Which lines run from the one containing "proof cases" through the end of the entries? Restate them word for word, and only those.

◆ SOURCE DATA
:::
lemma ray_crosses_shells:
  assumes "p \<in> S" "ord p = 0" and "2 \<le> c" "2 * c \<le> N + 1" and cover: "U\<^sub>0 \<union> U\<^sub>1 = UNIV"
    and fc\<^sub>0: "finite_components (induced_graph (graph_power_le G N) U\<^sub>0) U\<^sub>0"
    and fc\<^sub>1: "finite_components (induced_graph (graph_power_le G N) U\<^sub>1) U\<^sub>1"
  shows "\<exists>k>0. (a (inv p) ^^ k) x \<in> shell U\<^sub>0 c \<and> a p ((a (inv p) ^^ k) x) \<in> shell U\<^sub>0 (c - 1)"
proof -
  define h where "h = inv p"
  have h: "h \<in> S" "ord h = 0" using assms(1,2) unfolding h_def by simp_all
  define y where "y k = (a h ^^ k) x" for k
  have "0 < N" "2 * (c - 1) + 1 \<le> N" using assms(3,4) by linarith+
  obtain k\<^sub>0 where "y k\<^sub>0 \<in> U\<^sub>0" using ray_meets[OF h \<open>0 < N\<close> cover fc\<^sub>1] unfolding y_def by blast
  then have start: "y k\<^sub>0 \<in> nbhd U\<^sub>0 (c - 1)" using subset_nbhd by blast
  obtain K where "k\<^sub>0 < K" and stop: "y K \<notin> nbhd U\<^sub>0 (c - 1)"
    using ray_leaves_nbhd[OF h \<open>2 * (c - 1) + 1 \<le> N\<close> fc\<^sub>0] unfolding y_def by blast
  obtain m where m: "y m \<in> nbhd U\<^sub>0 (c - 1)" "y (Suc m) \<notin> nbhd U\<^sub>0 (c - 1)"
    using first_exit[where P = "\<lambda>k. y k \<in> nbhd U\<^sub>0 (c - 1)", OF less_imp_le[OF \<open>k\<^sub>0 < K\<close>] start stop]
    by blast
  have y_Suc: "y (Suc m) = a h (y m)" unfolding y_def by simp
  obtain d where c: "c = Suc (Suc d)" using \<open>2 \<le> c\<close> by (metis add_2_eq_Suc le_Suc_ex)
  have "y (Suc m) \<in> shell U\<^sub>0 c" using m nbhd_step[OF m(1) h(1)] y_Suc c by simp
  moreover have "y m \<in> shell U\<^sub>0 (c - 1)"
  proof -
    have "y m \<notin> nbhd U\<^sub>0 d" using m(2) nbhd_step[OF _ h(1), of "y m" U\<^sub>0 d] y_Suc c by auto
    then show ?thesis using m(1) c by simp
  qed
  moreover have "a p (y (Suc m)) = y m"
    using y_Suc assms(1) unfolding h_def by simp
  ultimately show ?thesis unfolding y_def h_def by (intro exI[of _ "Suc m"]) simp
qed

end


section \<open>The colouring\<close>

locale asi_one_colouring = marked_free_borel_action \<Gamma> S a
  for \<Gamma> :: "('g, 'b) monoid_scheme" (structure) and S
    and a :: "'g \<Rightarrow> 'x::{second_countable_topology, t2_space} \<Rightarrow> 'x" +
  fixes U\<^sub>0 U\<^sub>1 :: "'x set" and N :: nat and B :: "nat \<Rightarrow> 'x set" and idx :: "'g \<Rightarrow> nat"
  assumes U\<^sub>0_sets: "U\<^sub>0 \<in> sets borel"
    and cover: "U\<^sub>0 \<union> U\<^sub>1 = UNIV"
    and fc\<^sub>0: "finite_components (induced_graph (graph_power_le G N) U\<^sub>0) U\<^sub>0"
    and fc\<^sub>1: "finite_components (induced_graph (graph_power_le G N) U\<^sub>1) U\<^sub>1"
    and N_large: "4 * card S \<le> N"
    and B_sets: "\<And>n. B n \<in> sets borel"
    and B_separating: "\<And>x y. x \<noteq> y \<Longrightarrow> \<exists>n. x \<in> B n \<and> y \<notin> B n"
    and idx_inj: "inj_on idx S"
    and idx_less: "s \<in> S \<Longrightarrow> idx s < card S"
    and even_ord: "s \<in> S \<Longrightarrow> ord s \<noteq> 0 \<Longrightarrow> even (ord s)"
begin

definition cut_level :: "'g \<Rightarrow> nat" where
  "cut_level p = 2 * idx p + 2"

definition cut_set :: "'g \<Rightarrow> 'x set" where
  "cut_set p = (if ord p = 0
     then {y. y \<in> shell U\<^sub>0 (cut_level p) \<and> a p y \<in> shell U\<^sub>0 (cut_level p - 1)}
     else orbit_least B (a (inv p)) (ord p))"

text \<open>orbit_colour p x is the colour of the edge {x, p x}.\<close>

definition orbit_colour :: "'g \<Rightarrow> 'x \<Rightarrow> nat" where
  "orbit_colour p = (if ord p = 0
     then cut_colour (cut_set p) (a (inv p)) (idx p) (idx (inv p)) (card S)
     else parity_colour (cut_set p) (a (inv p)) (idx p) (idx (inv p)))"

definition edge_colour :: "'g \<Rightarrow> 'x \<Rightarrow> nat" where
  "edge_colour g x = (if inv g = g then idx g
     else if idx g < idx (inv g) then orbit_colour g x else orbit_colour (inv g) (a g x))"

definition colouring :: "'x \<Rightarrow> 'x \<Rightarrow> nat" where
  "colouring x y = edge_colour (THE g. g \<in> S \<and> a g x = y) x"

lemma idx_neq: "g \<in> S \<Longrightarrow> d \<in> S \<Longrightarrow> g \<noteq> d \<Longrightarrow> idx g \<noteq> idx d"
  using idx_inj by (metis inj_on_contraD)

lemma cut_set_hit:
  assumes "p \<in> S"
  shows "\<exists>k>0. (a (inv p) ^^ k) z \<in> cut_set p"
proof (cases "ord p = 0")
  case True
  have "2 \<le> cut_level p" "2 * cut_level p \<le> N + 1"
    using idx_less[OF assms] N_large unfolding cut_level_def by auto
  then show ?thesis
    using ray_crosses_shells[OF assms True _ _ cover fc\<^sub>0 fc\<^sub>1] True unfolding cut_set_def by auto
next
  case False
  have "inv p \<in> carrier \<Gamma>" "ord (inv p) = ord p" using assms(1) by simp_all
  then show ?thesis
    using orbit_least_hit[OF B_separating, of "ord p" "a (inv p)"] act_funpow_fixed_iff False
    unfolding cut_set_def by (auto simp: nat_dvd_not_less)
qed

lemma cut_set_matching:
  assumes "p \<in> S" "ord p = 0" and "z \<in> cut_set p"
  shows "a (inv p) z \<notin> cut_set p"
proof
  assume "a (inv p) z \<in> cut_set p"
  then have "z \<in> shell U\<^sub>0 (cut_level p - 1)"
    using assms unfolding cut_set_def by simp
  moreover have "z \<in> shell U\<^sub>0 (cut_level p)" using assms unfolding cut_set_def by simp
  ultimately show False using shell_unique unfolding cut_level_def by fastforce
qed

lemma even_hit_time_cut_set:
  assumes "p \<in> S" "ord p \<noteq> 0" and "z \<in> cut_set p"
  shows "even (hit_time (cut_set p) (a (inv p)) z)"
proof -
  have "inv p \<in> carrier \<Gamma>" "ord (inv p) = ord p" using assms(1) by simp_all
  then have "hit_time (cut_set p) (a (inv p)) z = ord p"
    using hit_time_orbit_least[of "ord p" "a (inv p)" z B] assms act_funpow_fixed_iff
    unfolding cut_set_def by auto
  then show ?thesis using even_ord assms by simp
qed

lemma orbit_colour_proper:
  assumes "p \<in> S" "p \<noteq> inv p"
  shows "orbit_colour p (a (inv p) x) \<noteq> orbit_colour p x"
proof -
  have colours: "idx p \<noteq> idx (inv p)" "idx p \<noteq> card S" "idx (inv p) \<noteq> card S"
    using assms idx_neq idx_less[of p] idx_less[of "inv p"] by auto
  show ?thesis
  proof (cases "ord p = 0")
    case True
    then show ?thesis
      using cut_colour_proper[OF colours cut_set_hit[OF assms(1)] cut_set_matching[OF assms(1) True]]
      unfolding orbit_colour_def by simp
  next
    case False
    then show ?thesis
      using parity_colour_proper[OF colours(1) cut_set_hit[OF assms(1)]
          even_hit_time_cut_set[OF assms(1) False]]
      unfolding orbit_colour_def by simp
  qed
qed

lemma orbit_colour_spare:
  assumes "p \<in> S" "orbit_colour p x = card S"
  shows "ord p = 0 \<and> x \<in> cut_set p"
  using assms idx_less[of p] idx_less[of "inv p"]
  unfolding orbit_colour_def cut_colour_def parity_colour_def by (auto split: if_splits)

lemma edge_colour_range:
  assumes "g \<in> S"
  shows "edge_colour g x \<in> {idx g, idx (inv g), card S}"
  using assms unfolding edge_colour_def orbit_colour_def cut_colour_def parity_colour_def by auto

lemma edge_colour_inv:
  assumes "g \<in> S"
  shows "edge_colour (inv g) (a g x) = edge_colour g x"
proof -
  consider "inv g = g" | "inv g \<noteq> g" "g \<noteq> inv g" "idx g < idx (inv g)"
    | "inv g \<noteq> g" "g \<noteq> inv g" "idx (inv g) < idx g"
    using idx_neq[of g "inv g"] assms by fastforce
  then show ?thesis by cases (use assms in \<open>simp_all add: edge_colour_def\<close>)
qed

lemma edge_colour_spare:
  assumes "g \<in> S" "edge_colour g x = card S"
  shows "\<exists>q\<in>{g, inv g}. x \<in> shell U\<^sub>0 (cut_level q) \<or> x \<in> shell U\<^sub>0 (cut_level q - 1)"
proof -
  have "inv g \<noteq> g"
  proof
    assume "inv g = g"
    then have "edge_colour g x = idx g" by (simp add: edge_colour_def)
    then show False using assms idx_less[of g] by simp
  qed
  show ?thesis
  proof (cases "idx g < idx (inv g)")
    case True
    then have "ord g = 0 \<and> x \<in> cut_set g"
      using assms \<open>inv g \<noteq> g\<close> orbit_colour_spare[of g x] unfolding edge_colour_def by simp
    then show ?thesis unfolding cut_set_def by auto
  next
    case False
    then have "ord (inv g) = 0" and "a g x \<in> cut_set (inv g)"
      using assms \<open>inv g \<noteq> g\<close> orbit_colour_spare[of "inv g" "a g x"] unfolding edge_colour_def by simp_all
    then have "a (inv g) (a g x) \<in> shell U\<^sub>0 (cut_level (inv g) - 1)" unfolding cut_set_def by simp
    then show ?thesis using assms by auto
  qed
qed

lemma edge_colour_inverse_proper:
  assumes "g \<in> S" "inv g \<noteq> g"
  shows "edge_colour g x \<noteq> edge_colour (inv g) x"
proof -
  have ne: "g \<noteq> inv g" using assms(2) by simp
  then have "idx g \<noteq> idx (inv g)" using assms(1) idx_neq by simp
  then consider "idx g < idx (inv g)" | "idx (inv g) < idx g" by linarith
  then show ?thesis
  proof cases
    case 1
    then have "edge_colour g x = orbit_colour g x"
      and "edge_colour (inv g) x = orbit_colour g (a (inv g) x)"
      using assms ne by (simp_all add: edge_colour_def)
    then show ?thesis using orbit_colour_proper[OF assms(1) ne] by metis
  next
    case 2
    then have "edge_colour (inv g) x = orbit_colour (inv g) x"
      and "edge_colour g x = orbit_colour (inv g) (a g x)"
      using assms ne by (simp_all add: edge_colour_def)
    then show ?thesis using orbit_colour_proper[of "inv g" x] assms by simp
  qed
qed

lemma edge_colour_other_pair_proper:
  assumes "g \<in> S" "d \<in> S" "d \<noteq> g" "d \<noteq> inv g"
  shows "edge_colour g x \<noteq> edge_colour d x"
proof
  assume eq: "edge_colour g x = edge_colour d x"
  have "inv g \<noteq> inv d" using assms by (metis inv_inv_S)
  then have disjoint: "idx q \<noteq> idx q'" if "q \<in> {g, inv g}" "q' \<in> {d, inv d}" for q q'
    using that assms idx_neq by (metis inv_inv_S inv_in_S insertE empty_iff)
  have "edge_colour g x = card S"
  proof (rule ccontr)
    assume "edge_colour g x \<noteq> card S"
    then have "edge_colour g x \<in> {idx g, idx (inv g)}" "edge_colour d x \<in> {idx d, idx (inv d)}"
      using edge_colour_range[OF assms(1), of x] edge_colour_range[OF assms(2), of x] eq by auto
    then show False
      using eq disjoint[of g d] disjoint[of g "inv d"] disjoint[of "inv g" d] disjoint[of "inv g" "inv d"]
      by auto
  qed
  then obtain q q' where q: "q \<in> {g, inv g}" "q' \<in> {d, inv d}"
    and "x \<in> shell U\<^sub>0 (cut_level q) \<or> x \<in> shell U\<^sub>0 (cut_level q - 1)"
    and "x \<in> shell U\<^sub>0 (cut_level q') \<or> x \<in> shell U\<^sub>0 (cut_level q' - 1)"
    using edge_colour_spare[OF assms(1)] edge_colour_spare[OF assms(2)] eq by metis
  then have "idx q = idx q'" using shell_unique unfolding cut_level_def by fastforce
  then show False using disjoint q by blast
qed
:::
◆ ANSWER TO THIS TASK
  proof cases
    case 1
    then have "edge_colour g x = orbit_colour g x"
      and "edge_colour (inv g) x = orbit_colour g (a (inv g) x)"
      using assms ne by (simp_all add: edge_colour_def)
    then show ?thesis using orbit_colour_proper[OF assms(1) ne] by metis
  next
    case 2
    then have "edge_colour (inv g) x = orbit_colour (inv g) x"
      and "edge_colour g x = orbit_colour (inv g) (a g x)"
      using assms ne by (simp_all add: edge_colour_def)
    then show ?thesis using orbit_colour_proper[of "inv g" x] assms by simp
  qed
qed

lemma edge_colour_other_pair_proper:
  assumes "g \<in> S" "d \<in> S" "d \<noteq> g" "d \<noteq> inv g"
  shows "edge_colour g x \<noteq> edge_colour d x"
proof
  assume eq: "edge_colour g x = edge_colour d x"
  have "inv g \<noteq> inv d" using assms by (metis inv_inv_S)
  then have disjoint: "idx q \<noteq> idx q'" if "q \<in> {g, inv g}" "q' \<in> {d, inv d}" for q q'
    using that assms idx_neq by (metis inv_inv_S inv_in_S insertE empty_iff)
  have "edge_colour g x = card S"
  proof (rule ccontr)
    assume "edge_colour g x \<noteq> card S"
    then have "edge_colour g x \<in> {idx g, idx (inv g)}" "edge_colour d x \<in> {idx d, idx (inv d)}"
      using edge_colour_range[OF assms(1), of x] edge_colour_range[OF assms(2), of x] eq by auto
    then show False
      using eq disjoint[of g d] disjoint[of g "inv d"] disjoint[of "inv g" d] disjoint[of "inv g" "inv d"]
      by auto
  qed
  then obtain q q' where q: "q \<in> {g, inv g}" "q' \<in> {d, inv d}"
    and "x \<in> shell U\<^sub>0 (cut_level q) \<or> x \<in> shell U\<^sub>0 (cut_level q - 1)"
    and "x \<in> shell U\<^sub>0 (cut_level q') \<or> x \<in> shell U\<^sub>0 (cut_level q' - 1)"
    using edge_colour_spare[OF assms(1)] edge_colour_spare[OF assms(2)] eq by metis
  then have "idx q = idx q'" using shell_unique unfolding cut_level_def by fastforce
  then show False using disjoint q by blast
qed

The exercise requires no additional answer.